The pathogenesis of gastroesophageal reflux disease (GERD) remains elusive, but recent evidence suggests that early secretion of inflammatory cytokines and chemokines by the mucosa leads to influx of immune cells followed by tissue damage. We previously showed that exposure of esophageal mucosa to HCl causes ATP release, resulting in activation of acetyl-CoA:1-O-alkyl-sn-glycero-3-phosphocholine acetyltransferase (lyso-PAF AT), the enzyme responsible for the production of platelet-activating factor (PAF). In addition, HCl causes release of IL-8 from the esophageal mucosa.
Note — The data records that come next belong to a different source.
lemma lyapunov_trapping:
  assumes "0 < \<epsilon>"
  obtains \<delta> where "0 < \<delta>"
    "\<And>x t. is_solution X D x \<Longrightarrow> dist (x 0) e < \<delta> \<Longrightarrow> 0 \<le> t \<Longrightarrow> dist (x t) e < \<epsilon>"
    "\<And>x t. is_solution X D x \<Longrightarrow> dist (x 0) e < \<delta> \<Longrightarrow> 0 \<le> t \<Longrightarrow>
             W (x t) \<le> W (x 0) * exp (- \<kappa> * t)"
proof -
  obtain \<eta>0 where "0 < \<eta>0" and \<eta>0: "\<And>z. z \<in> D \<Longrightarrow> W z < \<eta>0 \<Longrightarrow> dist z e < \<rho>"
    using W_small[OF \<open>0 < \<rho>\<close>] by blast
  obtain \<eta>\<epsilon> where "0 < \<eta>\<epsilon>" and \<eta>\<epsilon>: "\<And>z. z \<in> D \<Longrightarrow> W z < \<eta>\<epsilon> \<Longrightarrow> dist z e < \<epsilon>"
    using W_small[OF \<open>0 < \<epsilon>\<close>] by blast
  define \<eta> where "\<eta> = min \<eta>\<epsilon> \<eta>0 / 2"
  have "0 < \<eta>" "\<eta> < \<eta>\<epsilon>" "\<eta> < \<eta>0"
    using \<open>0 < \<eta>\<epsilon>\<close> \<open>0 < \<eta>0\<close> by (auto simp: \<eta>_def)
  then have close: "\<And>z. z \<in> D \<Longrightarrow> W z \<le> \<eta> \<Longrightarrow> dist z e < \<rho>"
    using \<eta>0 by fastforce
  obtain \<delta> where "0 < \<delta>" and \<delta>: "\<And>z. dist z e < \<delta> \<Longrightarrow> W z < \<eta>"
    using has_derivative_continuous[OF W_deriv, of e] \<open>0 < \<eta>\<close> W_zero
    unfolding continuous_at_eps_delta by (metis dist_commute dist_real_def abs_less_iff diff_zero)
  show thesis
  proof (rule that[OF \<open>0 < \<delta>\<close>])
    fix x and t :: real
    assume x: "is_solution X D x" and "dist (x 0) e < \<delta>" "0 \<le> t"
    then have "W (x 0) < \<eta>" "x t \<in> D"
      using \<delta> by (auto simp: is_solution_def)
    then show "dist (x t) e < \<epsilon>"
      using lyapunov_sublevel_invariant[OF x close _ \<open>0 \<le> t\<close>] \<open>\<eta> < \<eta>\<epsilon>\<close> \<eta>\<epsilon> by force
    show "W (x t) \<le> W (x 0) * exp (- \<kappa> * t)"
      using lyapunov_exp_decay[OF x close \<open>W (x 0) < \<eta>\<close> \<open>0 \<le> t\<close>] .
  qed
qed
(* There exist positive integers $m_0,t,L,q_0$, depending only on $k$, such that for every $(m_0,t,L,q_0)$-pseudo-random weight $\nu=(\nu_N)$ there is a function $N\mapsto\varepsilon(N)\ge0$ on primes with $\varepsilon(N)\to0$, such that for every prime $N$ and every $f:\mathbb{Z}_N\to\mathbb{R}$ with $|f(x)|\le1+\nu_N(x)$ for all $x$, one has $\max_{x\in\mathbb{Z}_N}|\mathcal Df(x)|\le2^{2^k-1}+\varepsilon(N)$.
   Context: Let $k\ge 2$ be a fixed integer. For a prime $N$, $\mathbb{Z}_N=\mathbb{Z}/N\mathbb{Z}$. For a finite set $A$ and $g:A\to\mathbb{R}$, $\mathbb{E}(g\mid A)=\frac{1}{|A|}\sum_{a\in A}g(a)$. For $\boldsymbol\omega\in\{0,1\}^k$ and $\mathbf t\in\mathbb{Z}_N^k$, $\boldsymbol\omega\cdot\mathbf t=\sum_i\omega_it_i$; $\mathbf 0=(0,\dots,0)$. The dual function of $f$ is $\mathcal Df(x)=\mathbb{E}\bigl(\prod_{\boldsymbol\omega\in\{0,1\}^k,\ \boldsymbol\omega\ne\mathbf 0}f(x+\boldsymbol\omega\cdot\mathbf t)\mid\mathbf t\in\mathbb{Z}_N^k\bigr)$. Let $m_0,t,L,q_0$ be positive integers. An $(m_0,t,L,q_0)$-pseudo-random weight is a family $\nu=(\nu_N)_{N\text{ prime}}$ of functions $\nu_N:\mathbb{Z}_N\to[0,\infty)$ satisfying: (Linear forms condition) $\sup\bigl|\mathbb{E}\bigl(\prod_{i=1}^m\nu_N(\psi_i(\mathbf{x}))\mid \mathbf{x}\in\mathbb{Z}_N^t\bigr)-1\bigr|\to 0$ as $N\to\infty$, where the supremum is over all $m\le m_0$ and all maps $\psi_1,\dots,\psi_m:\mathbb{Z}_N^t\to\mathbb{Z}_N$ of the form $\psi_i(\mathbf{x})=b_i+\sum_{j=1}^tL_{i,j}x_j$ with $b_i\in\mathbb{Z}$ arbitrary, $L_{i,j}\in\mathbb{Z}$, $|L_{i,j}|\le L$, each vector $(L_{i,j})_{1\le j\le t}\in\mathbb{Z}^t$ nonzero, and no two of these vectors collinear; (Correlation condition) there exist functions $\tau_N:\mathbb{Z}_N\to[0,\infty)$ with $\sup_N\mathbb{E}(\tau_N^p\mid\mathbb{Z}_N)<\infty$ for every integer $p\ge1$, such that for every prime $N$, every integer $q$ with $2\le q\le q_0$ and all $h_1,\dots,h_q\in\mathbb{Z}_N$ (not necessarily distinct), $\mathbb{E}\bigl(\nu_N(x+h_1)\cdots\nu_N(x+h_q)\mid x\in\mathbb{Z}_N\bigr)\le\sum_{1\le i<j\le q}\tau_N(h_i-h_j)$. *)

theory Defs
  imports "HOL-Analysis.Analysis" "HOL-Computational_Algebra.Primes"
begin

text \<open>Z_N is represented by {0..<N} (natural numbers) with arithmetic mod N.
  A vector omega in {0,1}^k is represented by its support S \<subseteq> {0..<k};
  omega \<noteq> 0 iff S \<noteq> {}, and omega . t = sum of t i over i in S.\<close>

definition ZNvec :: "nat \<Rightarrow> nat \<Rightarrow> (nat \<Rightarrow> nat) set" where
  "ZNvec N k = PiE {0..<k} (\<lambda>_. {0..<N})"

definition dual_fun :: "nat \<Rightarrow> nat \<Rightarrow> (nat \<Rightarrow> real) \<Rightarrow> nat \<Rightarrow> real" where
  "dual_fun k N f x =
     (\<Sum>t\<in>ZNvec N k. \<Prod>S\<in>Pow {0..<k} - {{}}. f ((x + (\<Sum>i\<in>S. t i)) mod N))
       / real N ^ k"

definition collinear_vec :: "nat \<Rightarrow> (nat \<Rightarrow> int) \<Rightarrow> (nat \<Rightarrow> int) \<Rightarrow> bool" where
  "collinear_vec t u v \<longleftrightarrow>
     (\<exists>a b :: int. (a \<noteq> 0 \<or> b \<noteq> 0) \<and> (\<forall>j<t. a * u j = b * v j))"

definition lin_form :: "nat \<Rightarrow> nat \<Rightarrow> int \<Rightarrow> (nat \<Rightarrow> int) \<Rightarrow> (nat \<Rightarrow> nat) \<Rightarrow> nat" where
  "lin_form N t b Lm x = nat ((b + (\<Sum>j<t. Lm j * int (x j))) mod int N)"
lemma Fs_second_order:
  assumes \<gamma>: "ereal \<gamma> > gamma_min f"
  shows "((\<lambda>s. sqrt s * (Fs f s (1 - \<gamma> / sqrt s) - (sqrt s * Lap f \<gamma> + Mcal f \<gamma>)))
           \<longlongrightarrow> Ncal f (fd 1 0) \<gamma>) at_top"
proof -
  define \<Gamma> where "\<Gamma> = max 1 \<bar>\<gamma>\<bar>"
  have \<Gamma>: "1 \<le> \<Gamma>" "\<bar>\<gamma>\<bar> \<le> \<Gamma>" by (auto simp: \<Gamma>_def)
  obtain C where C: "\<And>h \<gamma>'. 0 < h \<Longrightarrow> \<Gamma> * h \<le> 1/2 \<Longrightarrow> \<gamma> \<le> \<gamma>' \<Longrightarrow> \<gamma>' \<le> \<Gamma> \<Longrightarrow>
      \<bar>lattice_sum h \<gamma>' - (Lap f \<gamma>' / h + Mcal f \<gamma>') - h * Ncal f (fd 1 0) \<gamma>'\<bar> \<le> C * h\<^sup>2"
    using lattice_sum_second_order[of \<gamma> \<Gamma>] \<gamma> \<Gamma> by (auto simp: region_def)
  have "\<forall>\<^sub>F s in at_top. norm (sqrt s * (Fs f s (1 - \<gamma> / sqrt s) - (sqrt s * Lap f \<gamma> + Mcal f \<gamma>))
      - Ncal f (fd 1 0) \<gamma>) \<le> \<bar>C\<bar> / sqrt s"
  proof (rule eventually_at_top_linorderI[of "4 * \<Gamma>\<^sup>2"])
    fix s assume "4 * \<Gamma>\<^sup>2 \<le> s"
    then have s: "2 * \<Gamma> \<le> sqrt s" by (intro real_le_rsqrt) (simp add: power_mult_distrib)
    then have pos: "0 < sqrt s" using \<Gamma> by linarith
    have "\<Gamma> * (1 / sqrt s) \<le> 1/2" using s pos by (simp add: field_simps)
    have "sqrt s * (Fs f s (1 - \<gamma> / sqrt s) - (sqrt s * Lap f \<gamma> + Mcal f \<gamma>)) - Ncal f (fd 1 0) \<gamma>
        = sqrt s * (lattice_sum (1 / sqrt s) \<gamma> - (Lap f \<gamma> / (1 / sqrt s) + Mcal f \<gamma>)
            - 1 / sqrt s * Ncal f (fd 1 0) \<gamma>)"
      unfolding Fs_eq_lattice_sum using pos by (simp add: field_simps)
    also have "norm \<dots> \<le> sqrt s * (C * (1 / sqrt s)\<^sup>2)"
      unfolding real_norm_def abs_mult abs_of_pos[OF pos]
      using pos C[OF _ \<open>\<Gamma> * (1 / sqrt s) \<le> 1/2\<close> order_refl] \<Gamma> by (intro mult_left_mono) auto
    also have "\<dots> = C / sqrt s" using pos by (simp add: power2_eq_square field_simps)
    also have "\<dots> \<le> \<bar>C\<bar> / sqrt s" using pos by (simp add: divide_right_mono)
    finally show "norm (sqrt s * (Fs f s (1 - \<gamma> / sqrt s) - (sqrt s * Lap f \<gamma> + Mcal f \<gamma>))
      - Ncal f (fd 1 0) \<gamma>) \<le> \<bar>C\<bar> / sqrt s" .
  qed
  moreover have "((\<lambda>s. \<bar>C\<bar> / sqrt s) \<longlongrightarrow> 0) at_top"
    by (rule tendsto_divide_0[OF tendsto_const filterlim_at_top_imp_at_infinity[OF sqrt_at_top]])
  ultimately show ?thesis by (subst Lim_null) (rule Lim_null_comparison)
qed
We demonstrate that esophageal epithelial cells secrete proinflammatory mediators in response to HCl and that this response is mediated by ATP. Monolayers of the human esophageal epithelial cell line HET-1A were exposed to acidified cell culture medium (pH 5) for 12 min, a total of seven times over 48 h, to simulate the recurrent acid exposure clinically occurring in GERD. HCl upregulated mRNA and protein expression for the acid-sensing transient receptor potential cation channel, subfamily vanilloid member 1 (TRPV1), lyso-PAF AT, IL-8, eotaxin-1, -2, and -3, macrophage inflammatory protein-1α, and monocyte chemoattractant protein-1. The chemokine profile secreted by HET-1A cells in response to repeated HCl exposure parallels similar findings in erosive esophagitis patients. In HET-1A cells, the TRPV1 agonist capsaicin reproduced these findings for mRNA of the inflammatory mediators lyso-PAF AT, IL-8, and eotaxin-1. These effects were blocked by the TRPV1 antagonists iodoresiniferatoxin and JNJ-17203212. These effects were imitated by direct application of ATP and blocked by the nonselective ATP antagonist suramin. We conclude that HCl/TRPV-induced ATP release upregulated secretion of various chemoattractants by esophageal epithelial cells. These chemoattractants are selective for leukocyte subsets involved in acute inflammatory responses and allergic inflammation. The data support the validity of HET-1A cells as a model of the response of the human esophageal mucosa in GERD.
胃食管反流病(GERD)的发病机制仍然难以捉摸,但最近的证据表明,粘膜早期分泌炎症细胞因子和趋化因子会导致免疫细胞涌入,进而导致组织损伤。我们之前曾表明,食管粘膜暴露于 HCl 会导致 ATP 释放,从而激活乙酰辅酶 A:1-O-烷基-sn-甘油-3-磷酸胆碱乙酰转移酶(溶血血小板激活因子 AT),该酶负责产生血小板激活因子(PAF)。此外,HCl 会导致食管粘膜释放 IL-8。我们证明,食管上皮细胞会对 HCl 作出反应,分泌促炎介质,而这种反应是由 ATP 介导的。将人食管上皮细胞系 HET-1A 的单层暴露于酸化的细胞培养基(pH5)中 12 分钟,总共在 48 小时内重复七次,以模拟 GERD 中临床上反复出现的酸性暴露。HCl 上调了酸感应瞬时受体电位阳离子通道香草素 1 亚家族(TRPV1)、溶血血小板激活因子 AT、IL-8、嗜酸性粒细胞趋化因子-1、-2 和-3、巨噬细胞炎症蛋白-1α和单核细胞趋化蛋白-1 的 mRNA 和蛋白表达。HET-1A 细胞对重复 HCl 暴露的趋化因子谱与糜烂性食管炎患者的类似发现相平行。在 HET-1A 细胞中,TRPV1 激动剂辣椒素复制了这些促炎介质溶血血小板激活因子 AT、IL-8 和嗜酸性粒细胞趋化因子-1 的 mRNA。这些作用被 TRPV1 拮抗剂碘代异硫氰酸酯和 JNJ-17203212 阻断。直接应用 ATP 可以模拟这些作用,并被非选择性 ATP 拮抗剂苏拉明阻断。我们得出结论,HCl/TRPV1 诱导的 ATP 释放上调了食管上皮细胞各种趋化因子的分泌。这些趋化因子是参与急性炎症反应和过敏性炎症的白细胞亚群的选择性趋化因子。这些数据支持 HET-1A 细胞作为 GERD 中人类食管粘膜反应模型的有效性。